**Prompt:** From the data below, copy each line that includes the word "forall".

[Dataset records]
- Opening Delimiter -

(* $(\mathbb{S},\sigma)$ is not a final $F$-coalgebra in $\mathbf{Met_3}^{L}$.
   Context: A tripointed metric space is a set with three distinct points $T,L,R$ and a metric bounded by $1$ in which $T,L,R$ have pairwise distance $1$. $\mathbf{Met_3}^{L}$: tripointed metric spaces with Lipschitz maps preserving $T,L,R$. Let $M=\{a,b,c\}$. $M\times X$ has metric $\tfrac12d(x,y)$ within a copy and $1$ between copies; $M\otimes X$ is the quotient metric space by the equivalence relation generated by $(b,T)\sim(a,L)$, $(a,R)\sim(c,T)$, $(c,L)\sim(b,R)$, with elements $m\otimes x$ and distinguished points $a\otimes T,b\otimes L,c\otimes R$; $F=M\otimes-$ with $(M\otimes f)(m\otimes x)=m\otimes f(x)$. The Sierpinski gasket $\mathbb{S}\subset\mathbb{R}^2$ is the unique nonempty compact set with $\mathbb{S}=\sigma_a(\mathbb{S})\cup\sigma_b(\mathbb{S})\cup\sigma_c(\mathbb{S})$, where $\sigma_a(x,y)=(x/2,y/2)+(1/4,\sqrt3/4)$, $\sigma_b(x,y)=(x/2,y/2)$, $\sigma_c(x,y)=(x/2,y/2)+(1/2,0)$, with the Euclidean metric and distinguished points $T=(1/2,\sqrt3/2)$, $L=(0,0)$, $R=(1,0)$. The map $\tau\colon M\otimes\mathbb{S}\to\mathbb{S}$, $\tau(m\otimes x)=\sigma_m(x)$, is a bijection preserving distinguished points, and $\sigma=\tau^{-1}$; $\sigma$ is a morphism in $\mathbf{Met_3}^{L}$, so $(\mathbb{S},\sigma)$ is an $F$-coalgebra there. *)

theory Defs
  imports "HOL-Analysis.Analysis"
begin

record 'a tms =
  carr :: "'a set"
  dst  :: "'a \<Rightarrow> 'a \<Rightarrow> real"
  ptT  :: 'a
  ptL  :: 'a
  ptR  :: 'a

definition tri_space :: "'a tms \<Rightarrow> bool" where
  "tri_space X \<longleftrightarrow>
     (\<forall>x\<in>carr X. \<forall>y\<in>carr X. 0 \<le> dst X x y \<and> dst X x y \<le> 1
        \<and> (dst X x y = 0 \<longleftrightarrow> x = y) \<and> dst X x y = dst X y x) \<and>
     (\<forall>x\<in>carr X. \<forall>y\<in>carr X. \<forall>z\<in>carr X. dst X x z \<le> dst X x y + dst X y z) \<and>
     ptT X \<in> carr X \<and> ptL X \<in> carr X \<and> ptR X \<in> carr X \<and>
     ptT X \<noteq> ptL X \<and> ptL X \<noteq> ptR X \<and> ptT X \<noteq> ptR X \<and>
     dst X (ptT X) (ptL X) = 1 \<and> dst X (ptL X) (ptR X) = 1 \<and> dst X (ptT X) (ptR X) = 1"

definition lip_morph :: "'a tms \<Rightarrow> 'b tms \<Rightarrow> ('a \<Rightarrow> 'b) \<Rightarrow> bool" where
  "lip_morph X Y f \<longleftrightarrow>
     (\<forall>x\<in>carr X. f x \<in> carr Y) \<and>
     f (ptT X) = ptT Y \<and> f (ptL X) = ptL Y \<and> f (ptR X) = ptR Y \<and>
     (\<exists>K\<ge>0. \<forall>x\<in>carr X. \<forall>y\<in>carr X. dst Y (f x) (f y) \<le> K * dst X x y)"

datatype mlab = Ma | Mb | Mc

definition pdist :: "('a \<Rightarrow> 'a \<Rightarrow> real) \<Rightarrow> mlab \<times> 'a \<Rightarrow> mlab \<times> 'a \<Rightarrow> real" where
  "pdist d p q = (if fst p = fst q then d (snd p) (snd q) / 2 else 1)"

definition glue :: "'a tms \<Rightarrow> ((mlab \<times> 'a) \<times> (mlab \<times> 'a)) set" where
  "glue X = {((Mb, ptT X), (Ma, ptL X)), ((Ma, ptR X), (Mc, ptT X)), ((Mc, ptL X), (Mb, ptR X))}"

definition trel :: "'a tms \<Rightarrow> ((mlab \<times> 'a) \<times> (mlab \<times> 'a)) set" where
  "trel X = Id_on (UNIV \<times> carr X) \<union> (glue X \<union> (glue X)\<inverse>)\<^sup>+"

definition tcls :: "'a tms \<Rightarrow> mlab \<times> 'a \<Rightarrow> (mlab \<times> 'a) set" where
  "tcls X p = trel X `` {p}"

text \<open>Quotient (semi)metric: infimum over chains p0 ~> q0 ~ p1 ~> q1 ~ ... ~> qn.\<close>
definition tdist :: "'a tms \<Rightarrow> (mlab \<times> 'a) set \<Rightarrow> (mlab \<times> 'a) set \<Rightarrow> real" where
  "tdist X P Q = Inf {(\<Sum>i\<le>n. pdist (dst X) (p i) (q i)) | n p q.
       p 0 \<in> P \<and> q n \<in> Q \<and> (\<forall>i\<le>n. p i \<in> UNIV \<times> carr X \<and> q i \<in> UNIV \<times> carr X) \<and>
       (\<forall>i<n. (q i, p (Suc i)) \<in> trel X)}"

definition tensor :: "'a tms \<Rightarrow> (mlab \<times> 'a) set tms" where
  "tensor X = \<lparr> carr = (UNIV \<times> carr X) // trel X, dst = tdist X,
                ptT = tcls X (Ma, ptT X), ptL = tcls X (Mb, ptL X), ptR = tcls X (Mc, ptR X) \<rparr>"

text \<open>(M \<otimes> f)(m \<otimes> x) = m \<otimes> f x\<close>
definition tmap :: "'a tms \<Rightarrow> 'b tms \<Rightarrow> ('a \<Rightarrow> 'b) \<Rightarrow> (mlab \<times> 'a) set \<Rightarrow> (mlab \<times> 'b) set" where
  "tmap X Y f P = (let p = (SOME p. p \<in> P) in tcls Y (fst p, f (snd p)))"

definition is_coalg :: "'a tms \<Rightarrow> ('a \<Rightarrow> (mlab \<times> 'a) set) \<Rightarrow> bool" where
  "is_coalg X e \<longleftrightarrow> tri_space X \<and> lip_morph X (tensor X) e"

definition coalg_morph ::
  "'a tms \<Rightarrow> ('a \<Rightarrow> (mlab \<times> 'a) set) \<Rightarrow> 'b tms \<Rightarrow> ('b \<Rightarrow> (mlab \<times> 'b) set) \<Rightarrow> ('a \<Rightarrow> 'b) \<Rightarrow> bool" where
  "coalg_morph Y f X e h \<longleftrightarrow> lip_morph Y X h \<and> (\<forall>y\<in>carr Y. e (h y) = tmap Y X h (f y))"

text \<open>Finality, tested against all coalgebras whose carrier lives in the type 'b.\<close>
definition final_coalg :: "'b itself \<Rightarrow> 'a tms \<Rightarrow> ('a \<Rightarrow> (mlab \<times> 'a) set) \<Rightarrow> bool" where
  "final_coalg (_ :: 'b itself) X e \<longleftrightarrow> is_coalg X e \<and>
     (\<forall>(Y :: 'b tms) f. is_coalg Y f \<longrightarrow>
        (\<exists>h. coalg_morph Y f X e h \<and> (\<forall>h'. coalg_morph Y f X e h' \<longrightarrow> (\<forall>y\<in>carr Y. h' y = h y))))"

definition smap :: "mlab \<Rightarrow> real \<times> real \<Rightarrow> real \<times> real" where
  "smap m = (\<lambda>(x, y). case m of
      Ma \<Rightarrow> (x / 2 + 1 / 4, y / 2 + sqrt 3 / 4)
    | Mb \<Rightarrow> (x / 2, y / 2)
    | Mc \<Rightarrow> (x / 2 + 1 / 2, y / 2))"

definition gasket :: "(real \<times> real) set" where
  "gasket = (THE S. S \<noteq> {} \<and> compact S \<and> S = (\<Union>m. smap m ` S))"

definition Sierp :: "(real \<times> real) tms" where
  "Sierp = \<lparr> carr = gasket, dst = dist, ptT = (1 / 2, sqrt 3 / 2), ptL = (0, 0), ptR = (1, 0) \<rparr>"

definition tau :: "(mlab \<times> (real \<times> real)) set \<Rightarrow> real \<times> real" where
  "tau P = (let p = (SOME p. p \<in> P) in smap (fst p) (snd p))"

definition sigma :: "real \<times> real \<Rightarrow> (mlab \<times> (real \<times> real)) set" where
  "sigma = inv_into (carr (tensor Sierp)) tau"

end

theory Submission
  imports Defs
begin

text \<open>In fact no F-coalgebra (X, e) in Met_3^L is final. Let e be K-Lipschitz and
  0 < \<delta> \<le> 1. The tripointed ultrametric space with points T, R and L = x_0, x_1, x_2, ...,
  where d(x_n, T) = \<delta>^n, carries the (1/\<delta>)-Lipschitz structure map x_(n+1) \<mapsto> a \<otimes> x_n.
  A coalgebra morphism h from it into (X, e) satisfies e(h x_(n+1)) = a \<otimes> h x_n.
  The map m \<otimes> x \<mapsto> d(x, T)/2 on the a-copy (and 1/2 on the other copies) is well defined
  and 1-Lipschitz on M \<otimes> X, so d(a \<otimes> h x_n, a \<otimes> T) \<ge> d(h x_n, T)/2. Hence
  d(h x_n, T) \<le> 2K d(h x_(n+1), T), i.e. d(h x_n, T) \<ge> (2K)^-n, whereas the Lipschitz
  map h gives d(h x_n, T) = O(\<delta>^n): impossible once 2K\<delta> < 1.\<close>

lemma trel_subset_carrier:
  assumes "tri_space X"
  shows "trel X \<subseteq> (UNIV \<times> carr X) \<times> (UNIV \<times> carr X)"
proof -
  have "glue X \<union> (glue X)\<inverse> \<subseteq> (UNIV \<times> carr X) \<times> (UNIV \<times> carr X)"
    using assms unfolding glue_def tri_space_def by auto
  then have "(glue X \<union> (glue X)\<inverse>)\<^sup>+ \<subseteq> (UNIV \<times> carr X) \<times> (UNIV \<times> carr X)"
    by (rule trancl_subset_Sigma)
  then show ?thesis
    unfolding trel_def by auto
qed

- Closing Delimiter -

**Written solution:**
     (\<forall>x\<in>carr X. \<forall>y\<in>carr X. 0 \<le> dst X x y \<and> dst X x y \<le> 1
     (\<forall>x\<in>carr X. \<forall>y\<in>carr X. \<forall>z\<in>carr X. dst X x z \<le> dst X x y + dst X y z) \<and>
     (\<forall>x\<in>carr X. f x \<in> carr Y) \<and>
     (\<exists>K\<ge>0. \<forall>x\<in>carr X. \<forall>y\<in>carr X. dst Y (f x) (f y) \<le> K * dst X x y)"
       p 0 \<in> P \<and> q n \<in> Q \<and> (\<forall>i\<le>n. p i \<in> UNIV \<times> carr X \<and> q i \<in> UNIV \<times> carr X) \<and>
       (\<forall>i<n. (q i, p (Suc i)) \<in> trel X)}"
  "coalg_morph Y f X e h \<longleftrightarrow> lip_morph Y X h \<and> (\<forall>y\<in>carr Y. e (h y) = tmap Y X h (f y))"
     (\<forall>(Y :: 'b tms) f. is_coalg Y f \<longrightarrow>
        (\<exists>h. coalg_morph Y f X e h \<and> (\<forall>h'. coalg_morph Y f X e h' \<longrightarrow> (\<forall>y\<in>carr Y. h' y = h y))))"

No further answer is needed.